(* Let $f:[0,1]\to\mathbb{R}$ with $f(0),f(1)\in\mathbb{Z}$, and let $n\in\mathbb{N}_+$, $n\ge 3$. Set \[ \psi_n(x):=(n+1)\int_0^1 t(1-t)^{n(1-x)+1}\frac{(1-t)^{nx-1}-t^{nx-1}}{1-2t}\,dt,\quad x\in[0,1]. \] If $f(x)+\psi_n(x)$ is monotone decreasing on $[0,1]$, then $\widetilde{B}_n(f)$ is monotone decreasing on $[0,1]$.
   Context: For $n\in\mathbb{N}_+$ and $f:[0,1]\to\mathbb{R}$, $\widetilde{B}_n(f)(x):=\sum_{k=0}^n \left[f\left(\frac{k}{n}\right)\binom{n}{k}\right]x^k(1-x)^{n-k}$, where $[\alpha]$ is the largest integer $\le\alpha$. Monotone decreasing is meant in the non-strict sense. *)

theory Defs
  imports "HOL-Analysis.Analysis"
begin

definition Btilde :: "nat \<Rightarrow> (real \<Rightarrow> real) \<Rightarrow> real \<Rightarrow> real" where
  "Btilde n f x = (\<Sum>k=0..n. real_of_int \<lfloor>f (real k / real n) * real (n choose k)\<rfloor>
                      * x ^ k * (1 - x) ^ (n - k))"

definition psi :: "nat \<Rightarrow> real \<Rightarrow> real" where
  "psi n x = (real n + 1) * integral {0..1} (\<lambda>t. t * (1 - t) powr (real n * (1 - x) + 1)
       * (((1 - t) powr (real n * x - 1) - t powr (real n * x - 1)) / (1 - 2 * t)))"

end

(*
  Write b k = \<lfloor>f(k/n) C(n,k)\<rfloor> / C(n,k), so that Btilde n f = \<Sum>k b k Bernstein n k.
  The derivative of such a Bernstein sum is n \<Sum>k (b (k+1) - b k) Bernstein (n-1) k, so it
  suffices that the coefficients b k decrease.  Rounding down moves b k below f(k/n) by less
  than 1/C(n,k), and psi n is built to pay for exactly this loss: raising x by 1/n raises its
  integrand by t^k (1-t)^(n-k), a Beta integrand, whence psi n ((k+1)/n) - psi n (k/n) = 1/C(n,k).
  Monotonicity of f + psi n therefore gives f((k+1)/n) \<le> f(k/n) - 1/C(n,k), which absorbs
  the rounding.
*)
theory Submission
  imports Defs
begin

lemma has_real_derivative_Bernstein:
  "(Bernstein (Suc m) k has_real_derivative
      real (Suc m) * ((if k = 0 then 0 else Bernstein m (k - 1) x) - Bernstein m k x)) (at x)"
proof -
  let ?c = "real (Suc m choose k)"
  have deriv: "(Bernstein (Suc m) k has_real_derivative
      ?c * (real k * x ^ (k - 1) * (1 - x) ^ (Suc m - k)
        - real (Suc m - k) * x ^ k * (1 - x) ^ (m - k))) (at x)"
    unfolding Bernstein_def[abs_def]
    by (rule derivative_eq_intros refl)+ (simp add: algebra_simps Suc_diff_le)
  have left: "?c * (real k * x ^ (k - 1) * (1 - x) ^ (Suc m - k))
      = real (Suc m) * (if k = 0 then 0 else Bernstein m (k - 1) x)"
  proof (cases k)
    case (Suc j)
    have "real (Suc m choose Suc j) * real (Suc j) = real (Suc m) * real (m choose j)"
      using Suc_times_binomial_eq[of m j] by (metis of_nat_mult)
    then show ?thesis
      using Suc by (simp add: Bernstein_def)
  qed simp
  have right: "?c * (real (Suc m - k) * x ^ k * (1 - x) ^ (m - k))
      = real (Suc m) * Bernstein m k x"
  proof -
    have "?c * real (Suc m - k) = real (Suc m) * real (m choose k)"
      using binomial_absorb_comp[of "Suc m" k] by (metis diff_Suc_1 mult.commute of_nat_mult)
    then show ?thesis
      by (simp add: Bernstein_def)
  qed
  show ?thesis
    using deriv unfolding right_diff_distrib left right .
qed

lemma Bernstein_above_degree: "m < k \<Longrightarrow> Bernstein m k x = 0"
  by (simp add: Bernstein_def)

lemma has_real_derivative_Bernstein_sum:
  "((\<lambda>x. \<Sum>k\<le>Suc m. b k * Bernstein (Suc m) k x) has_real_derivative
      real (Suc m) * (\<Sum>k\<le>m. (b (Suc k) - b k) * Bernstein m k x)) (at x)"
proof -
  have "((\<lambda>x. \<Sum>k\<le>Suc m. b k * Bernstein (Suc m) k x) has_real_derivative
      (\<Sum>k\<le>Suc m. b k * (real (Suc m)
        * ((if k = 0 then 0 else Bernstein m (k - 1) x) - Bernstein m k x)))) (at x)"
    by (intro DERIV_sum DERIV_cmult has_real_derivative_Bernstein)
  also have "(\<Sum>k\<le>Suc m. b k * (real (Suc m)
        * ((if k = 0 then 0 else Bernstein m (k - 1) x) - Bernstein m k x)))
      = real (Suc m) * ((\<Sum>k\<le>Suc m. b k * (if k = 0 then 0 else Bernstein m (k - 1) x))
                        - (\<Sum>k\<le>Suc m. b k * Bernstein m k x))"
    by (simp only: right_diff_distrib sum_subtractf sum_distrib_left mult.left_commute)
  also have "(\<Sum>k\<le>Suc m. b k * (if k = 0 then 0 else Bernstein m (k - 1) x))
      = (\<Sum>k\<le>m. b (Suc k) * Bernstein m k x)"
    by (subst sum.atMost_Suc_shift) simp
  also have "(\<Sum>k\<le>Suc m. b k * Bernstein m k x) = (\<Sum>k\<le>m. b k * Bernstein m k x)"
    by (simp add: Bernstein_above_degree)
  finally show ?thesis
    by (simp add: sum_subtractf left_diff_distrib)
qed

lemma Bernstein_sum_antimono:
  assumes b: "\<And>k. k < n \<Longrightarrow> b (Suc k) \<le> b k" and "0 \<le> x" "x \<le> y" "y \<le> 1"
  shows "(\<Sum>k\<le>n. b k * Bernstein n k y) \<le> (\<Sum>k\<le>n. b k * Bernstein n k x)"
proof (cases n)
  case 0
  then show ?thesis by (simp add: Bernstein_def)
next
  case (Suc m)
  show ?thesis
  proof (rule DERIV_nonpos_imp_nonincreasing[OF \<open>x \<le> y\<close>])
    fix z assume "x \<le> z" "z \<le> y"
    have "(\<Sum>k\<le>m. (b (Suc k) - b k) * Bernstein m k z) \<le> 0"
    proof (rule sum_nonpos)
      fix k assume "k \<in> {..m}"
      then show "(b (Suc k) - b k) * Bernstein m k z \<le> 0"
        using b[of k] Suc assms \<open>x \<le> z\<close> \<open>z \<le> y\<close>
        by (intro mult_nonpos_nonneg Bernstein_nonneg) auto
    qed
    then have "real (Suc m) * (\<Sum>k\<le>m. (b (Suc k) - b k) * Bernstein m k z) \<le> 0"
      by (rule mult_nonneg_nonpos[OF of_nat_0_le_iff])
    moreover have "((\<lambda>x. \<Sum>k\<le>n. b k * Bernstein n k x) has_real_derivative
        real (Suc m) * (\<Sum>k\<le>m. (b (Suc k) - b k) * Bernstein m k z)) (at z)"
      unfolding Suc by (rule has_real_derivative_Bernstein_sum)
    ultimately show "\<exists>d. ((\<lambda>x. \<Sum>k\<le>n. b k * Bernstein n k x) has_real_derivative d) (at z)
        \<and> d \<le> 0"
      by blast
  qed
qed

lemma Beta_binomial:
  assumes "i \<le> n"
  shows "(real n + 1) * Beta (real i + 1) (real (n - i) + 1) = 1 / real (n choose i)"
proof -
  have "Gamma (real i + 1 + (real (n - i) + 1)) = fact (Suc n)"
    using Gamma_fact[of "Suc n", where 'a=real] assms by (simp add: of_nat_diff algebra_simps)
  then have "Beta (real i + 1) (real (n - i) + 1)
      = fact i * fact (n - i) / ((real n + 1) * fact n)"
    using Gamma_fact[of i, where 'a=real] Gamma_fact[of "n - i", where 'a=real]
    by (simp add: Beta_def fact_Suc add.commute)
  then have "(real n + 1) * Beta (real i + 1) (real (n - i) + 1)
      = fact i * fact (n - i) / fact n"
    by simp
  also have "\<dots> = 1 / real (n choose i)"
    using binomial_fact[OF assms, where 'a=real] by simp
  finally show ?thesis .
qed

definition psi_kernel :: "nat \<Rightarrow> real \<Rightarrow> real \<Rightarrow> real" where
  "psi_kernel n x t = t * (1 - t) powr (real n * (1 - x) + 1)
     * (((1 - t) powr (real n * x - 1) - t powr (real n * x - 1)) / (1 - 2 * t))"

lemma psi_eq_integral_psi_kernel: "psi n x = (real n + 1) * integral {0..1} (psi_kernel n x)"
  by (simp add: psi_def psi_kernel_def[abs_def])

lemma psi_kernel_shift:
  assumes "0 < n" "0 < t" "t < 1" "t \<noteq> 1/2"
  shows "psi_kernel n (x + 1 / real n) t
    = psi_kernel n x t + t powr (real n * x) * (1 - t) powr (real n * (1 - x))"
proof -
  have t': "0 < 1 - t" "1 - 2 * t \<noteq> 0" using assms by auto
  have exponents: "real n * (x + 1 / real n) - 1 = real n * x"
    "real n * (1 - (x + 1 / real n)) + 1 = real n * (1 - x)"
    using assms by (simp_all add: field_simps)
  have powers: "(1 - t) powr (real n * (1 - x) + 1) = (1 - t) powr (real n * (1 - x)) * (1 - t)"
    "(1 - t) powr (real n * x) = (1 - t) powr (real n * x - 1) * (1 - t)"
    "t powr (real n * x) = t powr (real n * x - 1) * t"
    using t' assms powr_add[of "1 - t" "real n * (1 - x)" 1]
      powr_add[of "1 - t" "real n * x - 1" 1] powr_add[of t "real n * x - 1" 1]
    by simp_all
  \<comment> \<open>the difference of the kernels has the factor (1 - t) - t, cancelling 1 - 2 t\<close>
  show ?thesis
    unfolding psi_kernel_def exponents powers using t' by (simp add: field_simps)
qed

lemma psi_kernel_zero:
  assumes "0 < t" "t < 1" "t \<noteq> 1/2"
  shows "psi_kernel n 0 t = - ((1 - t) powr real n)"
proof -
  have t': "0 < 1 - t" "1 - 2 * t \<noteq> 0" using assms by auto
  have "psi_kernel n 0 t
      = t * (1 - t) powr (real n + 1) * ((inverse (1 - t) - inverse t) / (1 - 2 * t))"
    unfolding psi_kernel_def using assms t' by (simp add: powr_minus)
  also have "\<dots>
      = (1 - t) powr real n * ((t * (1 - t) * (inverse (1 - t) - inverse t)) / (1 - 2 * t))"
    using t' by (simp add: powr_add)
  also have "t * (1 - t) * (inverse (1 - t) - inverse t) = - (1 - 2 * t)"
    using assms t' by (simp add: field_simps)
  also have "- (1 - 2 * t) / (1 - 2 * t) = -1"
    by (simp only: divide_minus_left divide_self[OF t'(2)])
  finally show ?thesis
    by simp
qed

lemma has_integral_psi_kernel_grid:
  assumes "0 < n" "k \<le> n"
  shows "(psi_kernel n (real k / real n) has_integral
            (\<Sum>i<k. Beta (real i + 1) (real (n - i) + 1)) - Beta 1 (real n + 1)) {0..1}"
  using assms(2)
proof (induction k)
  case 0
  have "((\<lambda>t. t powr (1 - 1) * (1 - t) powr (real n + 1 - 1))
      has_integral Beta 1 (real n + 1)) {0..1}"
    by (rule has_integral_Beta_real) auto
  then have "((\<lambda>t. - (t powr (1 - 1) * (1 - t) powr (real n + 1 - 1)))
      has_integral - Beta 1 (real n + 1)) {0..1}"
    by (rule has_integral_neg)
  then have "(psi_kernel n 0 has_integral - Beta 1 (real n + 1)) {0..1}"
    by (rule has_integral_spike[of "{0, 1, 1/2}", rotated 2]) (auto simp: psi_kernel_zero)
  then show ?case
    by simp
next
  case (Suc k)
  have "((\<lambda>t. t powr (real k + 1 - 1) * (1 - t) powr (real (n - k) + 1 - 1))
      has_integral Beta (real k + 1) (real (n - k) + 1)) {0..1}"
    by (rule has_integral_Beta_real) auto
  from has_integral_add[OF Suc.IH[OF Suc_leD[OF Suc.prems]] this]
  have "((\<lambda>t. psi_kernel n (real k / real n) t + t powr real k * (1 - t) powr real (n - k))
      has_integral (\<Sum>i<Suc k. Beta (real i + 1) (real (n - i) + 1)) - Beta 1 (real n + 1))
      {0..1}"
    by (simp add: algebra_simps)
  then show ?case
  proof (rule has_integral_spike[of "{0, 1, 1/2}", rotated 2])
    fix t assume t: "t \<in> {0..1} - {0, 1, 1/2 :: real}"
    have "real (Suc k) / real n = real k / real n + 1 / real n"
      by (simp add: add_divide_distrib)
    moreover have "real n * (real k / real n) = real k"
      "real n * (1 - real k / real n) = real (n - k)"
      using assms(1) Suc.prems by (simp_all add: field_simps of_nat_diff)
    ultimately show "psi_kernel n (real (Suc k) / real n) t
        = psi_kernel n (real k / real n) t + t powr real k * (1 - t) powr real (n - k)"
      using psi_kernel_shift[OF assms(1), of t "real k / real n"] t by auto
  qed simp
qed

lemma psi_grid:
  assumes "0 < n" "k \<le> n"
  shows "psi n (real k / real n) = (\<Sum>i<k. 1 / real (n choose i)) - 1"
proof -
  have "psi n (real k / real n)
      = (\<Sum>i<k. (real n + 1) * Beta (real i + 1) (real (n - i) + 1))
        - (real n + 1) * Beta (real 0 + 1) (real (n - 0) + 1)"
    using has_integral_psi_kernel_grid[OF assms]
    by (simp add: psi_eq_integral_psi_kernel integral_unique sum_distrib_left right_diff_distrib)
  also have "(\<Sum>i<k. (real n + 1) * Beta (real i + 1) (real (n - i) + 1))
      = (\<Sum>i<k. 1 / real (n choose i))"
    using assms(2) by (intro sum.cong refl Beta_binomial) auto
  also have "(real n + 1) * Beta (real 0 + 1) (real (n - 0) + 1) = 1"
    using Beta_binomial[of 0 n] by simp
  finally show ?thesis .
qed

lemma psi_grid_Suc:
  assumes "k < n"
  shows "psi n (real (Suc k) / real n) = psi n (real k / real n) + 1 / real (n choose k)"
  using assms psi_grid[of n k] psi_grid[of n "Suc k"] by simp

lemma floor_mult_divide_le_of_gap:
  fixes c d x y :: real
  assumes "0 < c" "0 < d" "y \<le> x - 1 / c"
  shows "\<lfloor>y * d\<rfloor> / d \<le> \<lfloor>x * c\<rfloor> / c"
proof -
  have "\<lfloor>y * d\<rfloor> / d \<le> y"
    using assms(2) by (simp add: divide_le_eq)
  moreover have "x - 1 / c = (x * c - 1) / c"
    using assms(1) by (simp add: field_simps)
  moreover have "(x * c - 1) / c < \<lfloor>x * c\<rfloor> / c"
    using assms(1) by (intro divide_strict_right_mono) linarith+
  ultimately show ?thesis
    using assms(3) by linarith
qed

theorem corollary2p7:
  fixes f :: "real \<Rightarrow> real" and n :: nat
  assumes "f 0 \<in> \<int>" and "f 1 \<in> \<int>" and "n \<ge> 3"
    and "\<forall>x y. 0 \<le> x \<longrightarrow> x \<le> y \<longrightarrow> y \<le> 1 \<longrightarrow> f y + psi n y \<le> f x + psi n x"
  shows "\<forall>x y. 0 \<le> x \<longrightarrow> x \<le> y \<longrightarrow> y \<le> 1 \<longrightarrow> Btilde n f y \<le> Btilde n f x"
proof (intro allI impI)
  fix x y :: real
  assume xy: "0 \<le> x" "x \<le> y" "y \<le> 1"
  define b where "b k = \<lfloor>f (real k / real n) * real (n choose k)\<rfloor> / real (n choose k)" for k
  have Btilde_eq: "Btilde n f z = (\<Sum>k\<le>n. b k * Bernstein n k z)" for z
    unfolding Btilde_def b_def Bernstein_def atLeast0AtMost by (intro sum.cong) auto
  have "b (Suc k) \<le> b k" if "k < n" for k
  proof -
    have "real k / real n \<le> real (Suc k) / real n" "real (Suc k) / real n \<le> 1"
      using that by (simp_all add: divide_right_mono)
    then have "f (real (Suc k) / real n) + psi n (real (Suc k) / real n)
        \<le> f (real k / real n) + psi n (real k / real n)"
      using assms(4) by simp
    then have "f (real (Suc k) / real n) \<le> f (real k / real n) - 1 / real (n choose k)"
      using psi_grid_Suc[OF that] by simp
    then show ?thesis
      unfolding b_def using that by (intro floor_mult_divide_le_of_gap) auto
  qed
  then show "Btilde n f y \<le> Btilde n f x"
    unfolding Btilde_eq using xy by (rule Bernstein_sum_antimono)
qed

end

=======

WORK TO COMPLETE
Scan the records above for the string "metis", then copy each line where it turns up.

RESPONSE FOR THIS EXERCISE
      using Suc_times_binomial_eq[of m j] by (metis of_nat_mult)
      using binomial_absorb_comp[of "Suc m" k] by (metis diff_Suc_1 mult.commute of_nat_mult)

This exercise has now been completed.